Saindo do centro de Piatã, peguei a BR148 sentido Boninal e
depois de uns 9km acessei uma estrada à esquerda, a BA560. Nessa rodovia
percorri mais 5km e acessei à direita, já numa estrada de chão batido. Dali foi
só seguir mais alguns quilômetros. A dica aqui é colocar o roteiro no google
maps que segue direitinho, ou usar o próprio wikiloc, vou deixar o link do que
eu gravei. No mais, desconheço transporte público para a região. Enfim, partindo
do centro de Piatã são 10 km de asfalto e 14 km de estrada de terra.

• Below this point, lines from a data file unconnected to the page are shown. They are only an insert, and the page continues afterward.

(* Let $f:\Sigma\to\mathbb{S}^4_1$ be a non-isotropic conformally immersed marginally trapped surface with non-zero mean curvature vector. Then the following are equivalent: (i) the quartic differential $Q=\langle f_{zz},f_{zz}\rangle dz^4$ is holomorphic; (ii) the quadratic differential $\delta=h(\xi_1-\xi_2)dz^2$ is holomorphic; (iii) $f$ has parallel mean curvature vector, $\nabla^\perp\mathbf H=0$.
   Context: $\mathbb{R}^5_1$ is $\mathbb{R}^5$ with $\langle x,y\rangle=x_0y_0+x_1y_1+x_2y_2+x_3y_3-x_4y_4$ (complex-bilinearly extended), $\mathbb{S}^4_1=\{\langle x,x\rangle=1\}$, future pointing means $\langle X,e_4\rangle<0$. $f$ conformal spacelike immersion with $\langle f_z,f_{\bar z}\rangle=e^{2u}$; positively oriented orthonormal normal frame $\{N_1,N_2\}$: $\langle N_1,N_1\rangle=1,\langle N_2,N_2\rangle=-1,\langle N_1,N_2\rangle=0$, $N_2$ future pointing, orientation of $\nu(f)$; $\xi_1=\langle f_{zz},N_1\rangle$, $\xi_2=-\langle f_{zz},N_2\rangle$ (so $Q=(\xi_1^2-\xi_2^2)dz^4$). $\mathbf H$: $f_{z\bar z}=-e^{2u}f+e^{2u}\mathbf H$; $\nabla^\perp$ normal connection; marginally trapped: $\langle\mathbf H,\mathbf H\rangle=0$, orientation chosen so $\mathbf H=h(N_1+N_2)$. Non-isotropic: $Q$ vanishes nowhere. *)

theory Defs
  imports "HOL-Analysis.Analysis"
begin

text \<open>Lorentzian space R^5_1: vectors are real^5 (indices 0..4), the last index 4 is timelike.\<close>

definition lor :: "real^5 \<Rightarrow> real^5 \<Rightarrow> real" where
  "lor x y = (\<Sum>i\<in>UNIV. (if i = 4 then -1 else 1) * x$i * y$i)"

definition lorC :: "complex^5 \<Rightarrow> complex^5 \<Rightarrow> complex" where
  "lorC x y = (\<Sum>i\<in>UNIV. (if i = 4 then -1 else 1) * x$i * y$i)"

definition cvec :: "real^5 \<Rightarrow> complex^5" where
  "cvec v = (\<chi> i. complex_of_real (v$i))"

definition pdx :: "(complex \<Rightarrow> 'a::real_normed_vector) \<Rightarrow> complex \<Rightarrow> 'a" where
  "pdx g z = frechet_derivative g (at z) 1"

definition pdy :: "(complex \<Rightarrow> 'a::real_normed_vector) \<Rightarrow> complex \<Rightarrow> 'a" where
  "pdy g z = frechet_derivative g (at z) \<i>"

fun Ck :: "nat \<Rightarrow> complex set \<Rightarrow> (complex \<Rightarrow> 'a::real_normed_vector) \<Rightarrow> bool" where
  "Ck 0 U g = continuous_on U g"
| "Ck (Suc n) U g = (g differentiable_on U \<and> Ck n U (pdx g) \<and> Ck n U (pdy g))"

definition smooth_on :: "complex set \<Rightarrow> (complex \<Rightarrow> 'a::real_normed_vector) \<Rightarrow> bool" where
  "smooth_on U g = (\<forall>n. Ck n U g)"

definition Dz :: "(complex \<Rightarrow> complex^5) \<Rightarrow> complex \<Rightarrow> complex^5" where
  "Dz G z = (\<chi> i. (pdx G z $ i - \<i> * pdy G z $ i) / 2)"

text \<open>Mean curvature vector H of f: f_{z zbar} = -e^{2u} f + e^{2u} H, where
  e^{2u} = <f_z, f_zbar> = (<f_x,f_x> + <f_y,f_y>)/4 and f_{z zbar} = (f_xx + f_yy)/4.\<close>
definition meanH :: "(complex \<Rightarrow> real^5) \<Rightarrow> complex \<Rightarrow> real^5" where
  "meanH f z = f z + (1 / ((lor (pdx f z) (pdx f z) + lor (pdy f z) (pdy f z)) / 4))
                   *\<^sub>R ((1/4) *\<^sub>R (pdx (pdx f) z + pdy (pdy f) z))"

text \<open>Orthogonal projection onto the normal space spanned by N1 (<N1,N1>=1), N2 (<N2,N2>=-1).\<close>
definition normal_proj :: "real^5 \<Rightarrow> real^5 \<Rightarrow> real^5 \<Rightarrow> real^5" where
  "normal_proj N1 N2 v = lor v N1 *\<^sub>R N1 - lor v N2 *\<^sub>R N2"

definition nabla_perp_x :: "(complex \<Rightarrow> real^5) \<Rightarrow> (complex \<Rightarrow> real^5) \<Rightarrow> (complex \<Rightarrow> real^5) \<Rightarrow> complex \<Rightarrow> real^5" where
  "nabla_perp_x N1 N2 V z = normal_proj (N1 z) (N2 z) (pdx V z)"

definition nabla_perp_y :: "(complex \<Rightarrow> real^5) \<Rightarrow> (complex \<Rightarrow> real^5) \<Rightarrow> (complex \<Rightarrow> real^5) \<Rightarrow> complex \<Rightarrow> real^5" where
  "nabla_perp_y N1 N2 V z = normal_proj (N1 z) (N2 z) (pdy V z)"

end

theory Submission
  imports Defs
begin

text \<open>We complexify and use Wirtinger derivatives. In the frame f, f_z, f_zbar, N1, N2 the
  structure equations give the Gauss formula f_zz = (E_z / E) f_z + \<xi>1 N1 + \<xi>2 N2, where
  E = e^{2u}, and the definition of H gives f_{z zbar} = E (H - f). Differentiating once more,
  Q_zbar = 2 <f_{zz zbar}, f_zz> = 2 E <H_z, N1> (\<xi>1 - \<xi>2) and
  \<delta>_zbar = <H_zbar, N1> (\<xi>1 - \<xi>2); here we use that H = h (N1 + N2) is null, so that
  <dH, N2> = - <dH, N1>. Since Q = (\<xi>1 + \<xi>2) (\<xi>1 - \<xi>2) vanishes nowhere, either
  differential is holomorphic iff <dH, N1> = 0, i.e. iff the normal part of dH vanishes.\<close>

section \<open>Partial derivatives in the plane\<close>

lemma frechet_derivative_cong_open:
  assumes "open U" "z \<in> U" "\<And>w. w \<in> U \<Longrightarrow> G w = G' w"
  shows "frechet_derivative G (at z) = frechet_derivative G' (at z)"
proof -
  have "(G has_derivative D) (at z) \<longleftrightarrow> (G' has_derivative D) (at z)" for D
    using has_derivative_transform_within_open[OF _ assms(1,2), of G D UNIV G']
      has_derivative_transform_within_open[OF _ assms(1,2), of G' D UNIV G] assms(3)
    by (metis (no_types, lifting))
  then show ?thesis
    unfolding frechet_derivative_def by simp
qed

lemma pdx_pdy_cong_open:
  assumes "open U" "z \<in> U" "\<And>w. w \<in> U \<Longrightarrow> G w = G' w"
  shows "pdx G z = pdx G' z" "pdy G z = pdy G' z"
  using frechet_derivative_cong_open[OF assms] by (simp_all add: pdx_def pdy_def)

lemma pdx_pdy_if_has_derivative:
  assumes "(G has_derivative D) (at z)"
  shows "pdx G z = D 1" "pdy G z = D \<i>"
  unfolding pdx_def pdy_def using frechet_derivative_at[OF assms] by simp_all

lemma has_derivative_pdx_pdy:
  assumes "G differentiable (at z)"
  shows "(G has_derivative (\<lambda>v. Re v *\<^sub>R pdx G z + Im v *\<^sub>R pdy G z)) (at z)"
proof -
  let ?D = "frechet_derivative G (at z)"
  have "?D v = Re v *\<^sub>R ?D 1 + Im v *\<^sub>R ?D \<i>" for v
  proof -
    have "v = Re v *\<^sub>R 1 + Im v *\<^sub>R \<i>"
      by (simp add: complex_eq_iff)
    then have "?D v = ?D (Re v *\<^sub>R 1 + Im v *\<^sub>R \<i>)"
      by metis
    also have "\<dots> = Re v *\<^sub>R ?D 1 + Im v *\<^sub>R ?D \<i>"
      using linear_frechet_derivative[OF assms] by (simp add: linear_add linear_scale)
    finally show ?thesis .
  qed
  then have "?D = (\<lambda>v. Re v *\<^sub>R pdx G z + Im v *\<^sub>R pdy G z)"
    unfolding pdx_def pdy_def by (rule ext)
  with frechet_derivative_works assms show ?thesis by metis
qed

lemma pdx_pdy_bounded_linear:
  assumes "bounded_linear L" "A differentiable (at z)"
  shows "pdx (\<lambda>w. L (A w)) z = L (pdx A z)" "pdy (\<lambda>w. L (A w)) z = L (pdy A z)"
  using pdx_pdy_if_has_derivative[OF bounded_linear.has_derivative[OF assms(1)
        has_derivative_pdx_pdy[OF assms(2)]]]
  by simp_all

lemma pdx_pdy_bounded_bilinear:
  assumes "bounded_bilinear B" "A differentiable (at z)" "C differentiable (at z)"
  shows "pdx (\<lambda>w. B (A w) (C w)) z = B (pdx A z) (C z) + B (A z) (pdx C z)"
    and "pdy (\<lambda>w. B (A w) (C w)) z = B (pdy A z) (C z) + B (A z) (pdy C z)"
  using pdx_pdy_if_has_derivative[OF bounded_bilinear.FDERIV[OF assms(1)
        has_derivative_pdx_pdy[OF assms(2)] has_derivative_pdx_pdy[OF assms(3)]]]
  by (simp_all add: add.commute)

lemma differentiable_bounded_bilinear:
  "bounded_bilinear B \<Longrightarrow> A differentiable (at z) \<Longrightarrow> C differentiable (at z) \<Longrightarrow>
    (\<lambda>w. B (A w) (C w)) differentiable (at z)"
  unfolding differentiable_def using bounded_bilinear.FDERIV by blast

lemma pdx_pdy_add:
  assumes "A differentiable (at z)" "C differentiable (at z)"
  shows "pdx (\<lambda>w. A w + C w) z = pdx A z + pdx C z"
    and "pdy (\<lambda>w. A w + C w) z = pdy A z + pdy C z"
  using pdx_pdy_if_has_derivative[OF has_derivative_add[OF
        has_derivative_pdx_pdy[OF assms(1)] has_derivative_pdx_pdy[OF assms(2)]]]
  by simp_all

lemma pdx_pdy_diff:
  assumes "A differentiable (at z)" "C differentiable (at z)"
  shows "pdx (\<lambda>w. A w - C w) z = pdx A z - pdx C z"
    and "pdy (\<lambda>w. A w - C w) z = pdy A z - pdy C z"
  using pdx_pdy_if_has_derivative[OF has_derivative_diff[OF
        has_derivative_pdx_pdy[OF assms(1)] has_derivative_pdx_pdy[OF assms(2)]]]
  by simp_all

lemma Ck_differentiable_at:
  "open U \<Longrightarrow> Ck (Suc n) U g \<Longrightarrow> z \<in> U \<Longrightarrow> g differentiable (at z)"
  by (simp add: differentiable_on_eq_differentiable_at)

lemma Ck_cong_open:
  assumes "open U" "\<And>w. w \<in> U \<Longrightarrow> g w = g' w" "Ck n U g"
  shows "Ck n U g'"
  using assms(2,3)
proof (induction n arbitrary: g g')
  case 0
  then show ?case by (simp cong: continuous_on_cong)
next
  case (Suc n)
  have "g' differentiable (at w)" if w: "w \<in> U" for w
  proof -
    obtain D where "(g has_derivative D) (at w)"
      using Suc.prems(2) w by (auto simp: differentiable_on_eq_differentiable_at[OF assms(1)]
          differentiable_def)
    then have "(g' has_derivative D) (at w)"
      by (rule has_derivative_transform_within_open[OF _ assms(1) w]) (use Suc.prems in auto)
    then show ?thesis unfolding differentiable_def by blast
  qed
  then have "g' differentiable_on U"
    by (simp add: differentiable_on_eq_differentiable_at[OF assms(1)])
  moreover have "Ck n U (pdx g')" "Ck n U (pdy g')"
    using Suc.IH[of "pdx g" "pdx g'"] Suc.IH[of "pdy g" "pdy g'"] Suc.prems
      pdx_pdy_cong_open[OF assms(1), of _ g g'] by simp_all
  ultimately show ?case by simp
qed

lemma Ck_add:
  assumes "open U"
  shows "Ck n U A \<Longrightarrow> Ck n U C \<Longrightarrow> Ck n U (\<lambda>w. A w + C w)"
proof (induction n arbitrary: A C)
  case 0
  then show ?case by (simp add: continuous_on_add)
next
  case (Suc n)
  have diff: "A differentiable (at w)" "C differentiable (at w)" if "w \<in> U" for w
    using Ck_differentiable_at[OF assms] Suc.prems that by blast+
  have "Ck n U (pdx (\<lambda>w. A w + C w))"
    by (rule Ck_cong_open[OF assms _ Suc.IH[of "pdx A" "pdx C"]])
      (use Suc.prems in \<open>simp_all add: diff pdx_pdy_add\<close>)
  moreover have "Ck n U (pdy (\<lambda>w. A w + C w))"
    by (rule Ck_cong_open[OF assms _ Suc.IH[of "pdy A" "pdy C"]])
      (use Suc.prems in \<open>simp_all add: diff pdx_pdy_add\<close>)
  ultimately show ?case using Suc.prems by simp
qed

É possível nadar tranquilamente na Cachoeira do Cochó, pois além de possuir uma bela queda d’água de uns 12 metros de altura e águas cristalinas, tem um poço rodeado por uma prainha de areias claras. Nessa visita estava bem vazia, mas nos finais de semana costuma lotar e alterar um pouco a coloração da água. Como dito, seu acesso de carro é feito por uma estrada de terra em boas condições e depois é só seguir por uma trilha curta, sem desnível e de fácil acesso. Com isso, é muito prático de se visitar. Não há cobrança de taxa, apesar de estar localizada numa propriedade particular. Também não visualizei nenhum serviço de bar/lanchonete/mercado no local. Leve seus lanches.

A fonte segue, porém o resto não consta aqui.